JimmySuen/integral-human-pose

Results on human3.6m dataset

Albert-LZG opened this issue · 5 comments

Hi @JimmySuen,
First, thanks for your share. Now, I want to reproduce the paper's result on the Human3.6M dataset. Finally, I get a competitive result on protocol1 (PA MPJPE 40.96 vs paper's 40.6), but with a bad result on protocol2(MPJPE 53.5 vs paper's 49.6). I use the provided config file 'd-mh_ps-256_deconv256x3_min-int-l1_adam_bs32-4gpus_x300-270-290/lr1e-3.yaml'. Some differences in my experiments including a) I use lr1e-4 instead of 1e-3 to avoiding loss divergency. b) due to the lack of .txt format label file, I generate the cache file from the .cdf file from the official dataset. So, what's the problem and what I should do to reproduce the protocol2's result? Thank you.
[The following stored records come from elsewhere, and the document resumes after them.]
lemma has_integral_simple_bochner_integral:
  fixes f :: "'n::euclidean_space \<Rightarrow> 'b::{banach,second_countable_topology}"
  assumes "Bochner_Integration.simple_bochner_integrable lborel f"
  shows "(f has_integral Bochner_Integration.simple_bochner_integral lborel f) UNIV"
proof -
  from assms have sf: "simple_function lborel f"
    and fin: "emeasure lborel {y. f y \<noteq> 0} \<noteq> \<infinity>"
    by (auto elim!: Bochner_Integration.simple_bochner_integrable.cases)
  have finR: "finite (f ` UNIV)" using sf by (auto simp: simple_function_def)
  have f_eq: "f x = (\<Sum>y\<in>f ` UNIV. indicator {x. f x = y} x *\<^sub>R y)" for x
  proof -
    have "(\<Sum>y\<in>f ` UNIV. indicator {x. f x = y} x *\<^sub>R y) = (\<Sum>y\<in>{f x}. indicator {x. f x = y} x *\<^sub>R y)"
      using finR by (intro sum.mono_neutral_right) (auto simp: indicator_def)
    then show ?thesis by simp
  qed
  have "((\<lambda>x. indicator {x. f x = y} x *\<^sub>R y) has_integral measure lborel {x. f x = y} *\<^sub>R y) UNIV"
    if "y \<in> f ` UNIV" for y
  proof (cases "y = 0")
    case False
    have level_set: "{x. f x = y} \<in> sets borel"
      using sf that by (auto simp: simple_function_def vimage_def)
    have "f -` (- {0}) \<inter> space lborel \<in> sets lborel"
      using borel_measurable_simple_function[OF sf] by (rule measurable_sets) auto
    then have "{x. f x \<noteq> 0} \<in> sets lborel" by (simp add: vimage_def Compl_eq)
    then have "emeasure lborel {x. f x = y} \<le> emeasure lborel {x. f x \<noteq> 0}"
      using False by (intro emeasure_mono) auto
    also have "\<dots> < \<infinity>" using fin by (simp add: less_top)
    finally show ?thesis using level_set by (intro has_integral_indicator_scaleR) auto
  qed simp
  then have "((\<lambda>x. \<Sum>y\<in>f ` UNIV. indicator {x. f x = y} x *\<^sub>R y) has_integral
      (\<Sum>y\<in>f ` UNIV. measure lborel {x. f x = y} *\<^sub>R y)) UNIV"
    by (intro has_integral_sum finR)
  moreover have "Bochner_Integration.simple_bochner_integral lborel f =
      (\<Sum>y\<in>f ` UNIV. measure lborel {x. f x = y} *\<^sub>R y)"
    by (simp add: Bochner_Integration.simple_bochner_integral_def)
  ultimately have "((\<lambda>x. \<Sum>y\<in>f ` UNIV. indicator {x. f x = y} x *\<^sub>R y) has_integral
      Bochner_Integration.simple_bochner_integral lborel f) UNIV"
    by simp
  then show ?thesis by (rule has_integral_eq[rotated]) (rule f_eq[symmetric])
qed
@Albert-LZG Hi, you could try fewer epoch(e.g 140-90-120), or tune other hyper-parameters. To my memory, learing rate should be lr1e-3 to get best result. What's more, inspect learning curve to see what happens.

@lck1201 I have tried some hyper-parameters, including learning rate, the scale of the bounding box, rect_3d_height&rect_3d_width and so on. But get similar or worse results. For learning rate, I tried 1e-3 twice and both meet loss divergency. BTW, can you provide the model checkpoint file?

@Albert-LZG Now we don't plan to release further model or checkpoint file.

Close issue, re-open if you have further questions

@Albert-LZG
I am trying to reproduce the paper on standard h36m dataset
Could you tell me how do you prepare dataset?